Actor Cooper Howell wrote, in devastating detail on Facebook, the sexual and racial harassment he experienced at the hands of a white director while acting in Frozen at Disneyland. The first-hand accounts are too numerous to describe, as Black artists have taken to social media to voice their dissatisfaction with the industry, speaking up about negative work environments, microaggressions and outright racism that they’ve experienced while working in the theater.
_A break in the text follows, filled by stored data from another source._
text \<open>Since two consecutive markers are never both dropped, every step at most doubles the gaps
  between consecutive markers.\<close>

lemma marker_gap_le:
  assumes "a \<in> marker g" "0 < d" "Tpow (int d) a \<in> marker g"
    "\<forall>d'. 0 < d' \<and> d' < d \<longrightarrow> Tpow (int d') a \<notin> marker g"
  shows "d \<le> 2 ^ g"
  using assms
proof (induction g arbitrary: a d)
  case 0
  have "\<not> 1 < d" using 0(4) by auto
  then show ?case using 0(2) by simp
next
  case (Suc g)
  have aA: "a \<in> marker g" "Tpow (int d) a \<in> marker g" using Suc.prems marker_Suc_subset by auto
  have "\<exists>i. 0 < i \<and> Tpow (int i) a \<in> marker g" using aA Suc.prems(2) by auto
  from ex_least_pos[OF this] obtain d1 where d1: "0 < d1" "Tpow (int d1) a \<in> marker g"
    "\<forall>d'. 0 < d' \<and> d' < d1 \<longrightarrow> Tpow (int d') a \<notin> marker g" by blast
  have "d1 \<le> d" using d1(3) aA Suc.prems(2) by (meson not_le)
  have h1: "d1 \<le> 2 ^ g" using Suc.IH[OF aA(1) d1] .
  show ?case
  proof (cases "d1 = d")
    case True then show ?thesis using h1 by simp
  next
    case False
    then have "d1 < d" using \<open>d1 \<le> d\<close> by simp
    have c1Q: "Tpow (int d1) a \<in> dropped g"
      using Suc.prems(4) \<open>d1 < d\<close> d1(1,2) by auto
    define c1 where "c1 = Tpow (int d1) a"
    have "Tpow (int (d - d1)) c1 = Tpow (int d) a" unfolding c1_def using \<open>d1 < d\<close>
      by (simp add: Tpow_add)
    then have "\<exists>i. 0 < i \<and> Tpow (int i) c1 \<in> marker g"
      using aA \<open>d1 < d\<close> by (metis zero_less_diff)
    from ex_least_pos[OF this] obtain d2 where d2: "0 < d2" "Tpow (int d2) c1 \<in> marker g"
      "\<forall>d'. 0 < d' \<and> d' < d2 \<longrightarrow> Tpow (int d') c1 \<notin> marker g" by blast
    have h2: "d2 \<le> 2 ^ g" using Suc.IH[OF _ d2] c1Q dropped_subset unfolding c1_def by auto
    have c2: "Tpow (int d2) c1 = Tpow (int (d1 + d2)) a" unfolding c1_def
      by (simp add: Tpow_add add.commute)
    have nq: "Tpow (int d2) c1 \<notin> dropped g"
      using dropped_next_marker_kept[OF c1Q[folded c1_def] d2] .
    then have inS: "Tpow (int (d1 + d2)) a \<in> marker (Suc g)" using d2(2) c2 by simp
    have "\<not> d1 + d2 < d" using Suc.prems(4) inS d1(1) by auto
    moreover have "\<not> d < d1 + d2"
    proof
      assume "d < d1 + d2"
      then have "0 < d - d1" "d - d1 < d2" using \<open>d1 < d\<close> by auto
      moreover have "Tpow (int (d - d1)) c1 = Tpow (int d) a" unfolding c1_def
        using \<open>d1 < d\<close> by (simp add: Tpow_add)
      ultimately show False using d2(3) aA by metis
    qed
    ultimately have "d = d1 + d2" by simp
    then show ?thesis using h1 h2 by simp
  qed
qed

lemma drop_set_measurable: assumes "W \<in> sets borel" shows "drop_set g W \<in> sets borel"
proof -
  have "drop_set g W = W \<inter> - U (sep_index g) \<inter>
      (\<Union>i\<in>{0<..}. Tpow (- int i) -` (W \<inter> U (sep_index g)) \<inter> (\<Inter>i'\<in>{0<..<i}. Tpow (- int i') -` (- W)))"
    unfolding drop_set_def by auto
  also have "\<dots> \<in> sets borel" using assms sets_U by measurable
  finally show ?thesis .
qed

lemma marker_measurable[measurable]: "marker g \<in> sets borel"
  by (induction g) (auto simp: dropped_def intro: drop_set_measurable)

lemma dropped_measurable[measurable]: "dropped g \<in> sets borel"
  unfolding dropped_def by (rule drop_set_measurable) simp

section \<open>The universal set\<close>

definition marker_limit :: "'a set" where "marker_limit = (\<Inter>g. marker g)"

definition marker_last :: "nat \<Rightarrow> 'a set" where
  "marker_last g = {x \<in> marker g. \<forall>i::nat. 0 < i \<longrightarrow> Tpow (int i) x \<notin> marker g}"

definition Xh :: "'a set" where
  "Xh = {x. \<forall>j. Tpow j x \<notin> marker_limit \<and> (\<forall>g. Tpow j x \<notin> marker_last g)}"

lemma marker_limit_measurable[measurable]: "marker_limit \<in> sets borel"
  unfolding marker_limit_def by measurable

lemma marker_last_measurable[measurable]: "marker_last g \<in> sets borel"
proof -
  have "marker_last g = marker g \<inter> (\<Inter>i\<in>{0<..}. Tpow (int i) -` (UNIV - marker g))"
    unfolding marker_last_def by auto
  also have "\<dots> \<in> sets borel" by measurable
  finally show ?thesis .
qed

lemma Xh_measurable[measurable]: "Xh \<in> sets borel"
proof -
  have "Xh = (\<Inter>j. UNIV - Tpow j -` marker_limit - (\<Union>g. Tpow j -` marker_last g))"
    unfolding Xh_def by auto
  also have "\<dots> \<in> sets borel" by measurable
  finally show ?thesis .
qed

lemma Tpow_in_Xh: "x \<in> Xh \<Longrightarrow> Tpow m x \<in> Xh"
  unfolding Xh_def by (auto simp: Tpow_add)

lemma T_in_Xh: "x \<in> Xh \<Longrightarrow> T x \<in> Xh" using Tpow_in_Xh[of x 1]
  by (simp add: Tpow_1)

lemma Xh_not_marker_limit: assumes "x \<in> Xh" shows "x \<notin> marker_limit"
  using assms[unfolded Xh_def, simplified, THEN spec[of _ 0]] by simp

lemma Xh_not_marker_last: assumes "x \<in> Xh" shows "x \<notin> marker_last g"
  using assms[unfolded Xh_def, simplified, THEN spec[of _ 0]] by simp

lemma Xh_future_marker: "x \<in> Xh \<Longrightarrow> \<exists>i. 0 < i \<and> Tpow (int i) x \<in> marker g"
proof (induction g arbitrary: x)
  case 0 then show ?case by (intro exI[of _ 1]) simp
next
  case (Suc g)
  from Suc.IH[OF Suc.prems] obtain i where i: "0 < i" "Tpow (int i) x \<in> marker g" by blast
  define y where "y = Tpow (int i) x"
  show ?case
  proof (cases "y \<in> dropped g")
    case False then show ?thesis using i y_def by auto
  next
    case True
    have "y \<in> Xh" unfolding y_def using Suc.prems by (rule Tpow_in_Xh)
    then have "y \<notin> marker_last g" by (rule Xh_not_marker_last)
    then have "\<exists>j. 0 < j \<and> Tpow (int j) y \<in> marker g" using i(2)
      unfolding marker_last_def y_def by auto
    from ex_least_pos[OF this] obtain d where d: "0 < d" "Tpow (int d) y \<in> marker g"
      "\<forall>d'. 0 < d' \<and> d' < d \<longrightarrow> Tpow (int d') y \<notin> marker g" by blast
    have "Tpow (int d) y \<notin> dropped g" using dropped_next_marker_kept[OF True d] .
    then have "Tpow (int (d + i)) x \<in> marker (Suc g)" using d(2) unfolding y_def
      by (simp add: Tpow_add)
    then show ?thesis using d(1) by (intro exI[of _ "d + i"]) simp
  qed
qed

lemma marker_limitI:
  assumes "a \<in> marker g" "\<forall>i. 0 < i \<longrightarrow> Tpow (- int i) a \<notin> marker g"
  shows "a \<in> marker_limit"
proof -
  have "a \<in> marker h" for h
  proof (cases "h \<le> g")
    case True then show ?thesis using marker_antimono assms(1) by blast
  next
    case False
    then have "g \<le> h" by simp
    then show ?thesis
    proof (induction h rule: dec_induct)
      case base then show ?case using assms(1) .
    next
      case (step h)
      have "a \<notin> dropped h"
      proof
        assume "a \<in> dropped h"
        from droppedD(3)[OF this] obtain i where "0 < i" "Tpow (- int i) a \<in> marker h" by blast
        then show False using assms(2) marker_antimono[OF step(1)] by blast
      qed
      then show ?case using step by simp
    qed
  qed
  then show ?thesis unfolding marker_limit_def by auto
qed

text \<open>A first marker on an orbit would never be dropped.\<close>

lemma Xh_past_marker: assumes x: "x \<in> Xh"
  shows "\<exists>i. 0 < i \<and> Tpow (- int i) x \<in> marker g"
proof (rule ccontr)
  assume no: "\<not> (\<exists>i. 0 < i \<and> Tpow (- int i) x \<in> marker g)"
  have "Tpow (-1) x \<in> Xh" using x by (rule Tpow_in_Xh)
  from Xh_future_marker[OF this] obtain i where i: "0 < i" "Tpow (int i) (Tpow (-1) x) \<in> marker g"
  by blast
  then have "Tpow (int i) (Tpow (-1) x) = Tpow (int (i - 1)) x" by (simp add: Tpow_add of_nat_diff)
  then have "\<exists>m. Tpow (int m) x \<in> marker g" using i(2) by metis
  from ex_least[OF this] obtain m where m: "Tpow (int m) x \<in> marker g"
    "\<forall>m'<m. Tpow (int m') x \<notin> marker g" by blast
  have "\<forall>i. 0 < i \<longrightarrow> Tpow (- int i) (Tpow (int m) x) \<notin> marker g"
  proof (intro allI impI)
    fix i :: nat assume "0 < i"
    show "Tpow (- int i) (Tpow (int m) x) \<notin> marker g"
    proof (cases "i \<le> m")
      case True
      then have "Tpow (- int i) (Tpow (int m) x) = Tpow (int (m - i)) x" by (simp add: Tpow_add)
      moreover have "m - i < m" using \<open>0 < i\<close> True by simp
      ultimately show ?thesis using m(2) by simp
    next
      case False
      then have "Tpow (- int i) (Tpow (int m) x) = Tpow (- int (i - m)) x" by (simp add: Tpow_add)
      then show ?thesis using no False by (metis zero_less_diff not_le)
    qed
  qed
  then have "Tpow (int m) x \<in> marker_limit" using marker_limitI m(1) by blast
  moreover have "Tpow (int m) x \<in> Xh" using x by (rule Tpow_in_Xh)
  ultimately show False using Xh_not_marker_limit by blast
qed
This stands in stark contrast to the many Broadway shows and theaters that have posted up statements supporting Black Lives Matter and vowing to be anti-racist. The Metropolitan Opera posted up a statement, yet it’s never produced an opera by a Black composer. A Black playwright has not won a Tony Award for Best Play since 1987. White actors and playwrights are overrepresented on New York City stages.

A public statement may be heartwarming, but it lets companies pull the curtain on their own hypocrisy. Like a black square on Instagram, the performance can be a substitute for meaningful action. Some of the companies who have released statements have produced primarily white writers at their theaters. They’ve contributed to an erasure of Black and POC voices. They’ve fostered negative work environments for Black artists and hostile viewing experiences for Black audiences. And they punish those who speak up. “I may never make it to Broadway for speaking out against the horrific treatment that I received, and all of the Amy Coopers will be fine,” said Matthews in his video. It echoes what Star Wars actor John Boyega said during a protest in London on June 3: “Look I don’t know if I’m going to have a career after this but, f**k that.” By blacklisting artists who dare to speak up, these so-called liberal institutions contribute to the systemic racism that they disavow.
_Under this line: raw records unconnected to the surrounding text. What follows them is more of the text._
lemma cost_eq_rho_wealth:
  assumes I: "I \<in> Ic"
    and int_k: "set_integrable lborel {0<..} (\<lambda>t. k (surv M (\<lambda>\<omega>. I (X \<omega>)) t))"
    and int_neg: "set_integrable lborel {..0} (\<lambda>t. b (surv M (wealth w \<theta> k M X I) t) - b 1)"
    and int_pos: "set_integrable lborel {0<..} (\<lambda>t. b (surv M (wealth w \<theta> k M X I) t))"
  shows "cost I = ennreal (w - rho b M (wealth w \<theta> k M X I))"
    and "rho b M (wealth w \<theta> k M X I) \<le> w"
proof -
  let ?c = "w - premium \<theta> k M (\<lambda>\<omega>. I (X \<omega>))"
  let ?R = "retention I"
  have wealth: "wealth w \<theta> k M X I = (\<lambda>\<omega>. ?c - ?R (X \<omega>))"
    unfolding wealth_def retention_def by (simp add: fun_eq_iff)
  note P = premium_eq_LBINT_kt[OF I int_k]
  note W = rho_const_minus[OF b_cont b_0 b_1 Ic_comp_measurable[OF retention_Ic[OF I]]
      Ic_comp_nonneg[OF retention_Ic[OF I]] int_neg[unfolded wealth] int_pos[unfolded wealth]]
  let ?A = "LBINT t:{0<..}. kt (surv M (\<lambda>\<omega>. I (X \<omega>)) t)"
  let ?B = "LBINT t:{0<..}. bt (surv M (\<lambda>\<omega>. ?R (X \<omega>)) t)"
  have rho: "rho b M (wealth w \<theta> k M X I) = w - (?A + ?B)"
    unfolding wealth W(2) by (simp add: P(2) bt_def)
  note A = nn_integral_eq_set_integral[OF P(1) kt_nonneg[OF surv_nonneg surv_le_1]]
  note B = nn_integral_eq_set_integral[OF W(1)[folded bt_def] bt_nonneg[OF surv_nonneg surv_le_1]]
  from A(2) B(2) show "cost I = ennreal (w - rho b M (wealth w \<theta> k M X I))"
    "rho b M (wealth w \<theta> k M X I) \<le> w"
    unfolding cost_def A(1) B(1) rho by (simp_all add: ennreal_plus)
qed

lemma borel_measurable_mt_surv [measurable]: "(\<lambda>t. mt (surv M X t)) \<in> borel_measurable borel"
proof -
  have "continuous_on {0..1} mt"
    unfolding mt_def by (intro continuous_intros kt_cont bt_cont)
  then show ?thesis
    by (rule borel_measurable_distorted_surv[OF _ X])
qed

lemma nn_integral_surv_comp:
  assumes I: "I \<in> Ic" and g: "g 0 = 0"
  shows "(\<integral>\<^sup>+t. ennreal (g (surv M (\<lambda>\<omega>. I (X \<omega>)) t)) * indicator {0<..} t \<partial>lborel) =
         (\<integral>\<^sup>+s. ennreal (g (surv M X (gen_inv I s))) * indicator (inv_dom I) s \<partial>lborel)"
proof (rule nn_integral_cong)
  fix s :: real
  show "ennreal (g (surv M (\<lambda>\<omega>. I (X \<omega>)) s)) * indicator {0<..} s =
      ennreal (g (surv M X (gen_inv I s))) * indicator (inv_dom I) s"
    using surv_comp[OF Ic_mono_on[OF I] Ic_continuous_on[OF I] Ic_zero[OF I] X_nonneg, of s]
      g inv_dom_pos[of s I] by (cases "0 < s") (auto simp: indicator_def)
qed

lemma cost_gen_inv:
  assumes I: "I \<in> Ic"
  shows "cost I =
    (\<integral>\<^sup>+s. ennreal (kt (surv M X (gen_inv I s))) * indicator (inv_dom I) s \<partial>lborel) +
    (\<integral>\<^sup>+s. ennreal (bt (surv M X (gen_inv (retention I) s))) *
       indicator (inv_dom (retention I)) s \<partial>lborel)"
  unfolding cost_def nn_integral_surv_comp[where g = kt, OF I kt_0]
    nn_integral_surv_comp[where g = bt, OF retention_Ic[OF I] bt_0] ..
As COVID-19 has shut down the entertainment industry, we are left with two options: we can either build back better than before or we can continue the status quo, where artists of color are forced to swallow their discomfort for the sake of the white people around them. Theaters and producers who have put out these Black Lives Matter statements need to take this time to listen to the voices of Black artists around them and on social media, who all have important suggestions for change. Director/actor Schele Williams posted a poetic, detailed statement on Facebook with the following suggestion:

Broadway is white.
And white is not bad
But White is not Black

If you mean the words in your statements
Show us your values
Live up to your mission statements
Give us space to breathe and speak without fear of reprisal.
Look around the room and if you only see yourself replicated – CHANGE IT.

Schele Williams

When people are risking their lives to march on the street, a social media statement is not enough. Now is the time to act. Now is the time to look not just outward, and inward. The calls are coming from inside the house.
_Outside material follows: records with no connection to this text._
(* Let $M_{cc}$ be the one-state Turing machine defined below. The language $L_{cc}=\{x\in\{u,0,h\}^*\mid M_{cc}\text{ halts on input }x\}$ is not context-free.
   Context: A one-state Turing machine is a tuple $\langle \{q\}, \Sigma, \Gamma, q, H, \delta\rangle$ with the following components: a unique state $q$; an input alphabet $\Sigma$ not containing the blank symbol $\sqcup$; a tape alphabet $\Gamma\supseteq\Sigma\cup\{\sqcup\}$; a set of halting symbols $H\subseteq\Gamma$; and a transition function $\delta:\Gamma\setminus H\to\Gamma\times\{L,R\}$. The tape is infinite in both directions. On input $x$, the tape holds $x$ with blanks everywhere else, and the head starts on the leftmost symbol of $x$. At each step, if the scanned symbol is in $H$, the machine halts. Otherwise, with $\delta(a)=(b,D)$ for the scanned symbol $a$, it writes $b$ and moves one cell in direction $D$. The machine $M_{cc}$ is this kind of machine with $\Sigma=\{u,0,h\}$, $\Gamma=\{\sqcup,u,U,h,0,1,Z,C,B\}$, $H=\{h\}$, and transitions $\delta(u)=(U,R)$, $\delta(0)=(1,L)$, $\delta(U)=(C,R)$, $\delta(1)=(Z,R)$, $\delta(Z)=(0,L)$, $\delta(C)=(B,L)$, $\delta(B)=(C,R)$, $\delta(\sqcup)=(\sqcup,L)$. *)

theory Defs
  imports Main
begin

type_synonym 't cfg_prods = "(nat \<times> (nat + 't) list) set"

inductive_set cfg_step :: "'t cfg_prods \<Rightarrow> ((nat + 't) list \<times> (nat + 't) list) set"
  for P :: "'t cfg_prods" where
  "(A, w) \<in> P \<Longrightarrow> (u @ [Inl A] @ v, u @ w @ v) \<in> cfg_step P"

definition cfg_lang :: "'t cfg_prods \<Rightarrow> nat \<Rightarrow> 't list set" where
  "cfg_lang P S = {w. ([Inl S], map Inr w) \<in> (cfg_step P)\<^sup>*}"

definition context_free :: "'t list set \<Rightarrow> bool" where
  "context_free L \<longleftrightarrow> (\<exists>P S. finite P \<and> L = cfg_lang P S)"

datatype tsym = Blank | Su | SU | Sh | S0 | S1 | SZ | SC | SB

datatype dir = L | R

datatype isym = Iu | I0 | Ih

fun embed :: "isym \<Rightarrow> tsym" where
  "embed Iu = Su" | "embed I0 = S0" | "embed Ih = Sh"

text \<open>Halting symbols H = {h}; the transition function on the non-halting symbols.
  The value at Sh is irrelevant (never used, since the machine halts there).\<close>
fun delta :: "tsym \<Rightarrow> tsym \<times> dir" where
  "delta Su = (SU, R)"
| "delta S0 = (S1, L)"
| "delta SU = (SC, R)"
| "delta S1 = (SZ, R)"
| "delta SZ = (S0, L)"
| "delta SC = (SB, L)"
| "delta SB = (SC, R)"
| "delta Blank = (Blank, L)"
| "delta Sh = (Sh, R)"

type_synonym config = "(int \<Rightarrow> tsym) \<times> int"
What do theater companies and producers commit to doing to make sure what happened to Griffin Matthews and countless Black artists does not happen again? Will these companies cater to Black audiences as faithfully as they do white ones? Will they make their work accessible and affordable to the Black community? Will they make sure to spotlight Black voices regularly, and not just once a year and as side characters? Will they help support the Black-led business and theaters in their communities? If their Black artists get criticized by the New York Times, will they stand by their artists? Will they prioritize fair wages so that Black artists can afford to be artists? Will they defend their socio political stances to angry subscribers who just want them to “shut up and sing”? 

To our Black friends and readers: we stand with you and we are sorry for not having done enough, and commit to continue to advocate for justice and anti-racism.

To our non-Black readers: Right now, if you’re feeling comfortable, it means you’re not doing enough. Your discomfort is overdue. Sit with it. Let the discomfort propel you to act and fight for a better world for everyone.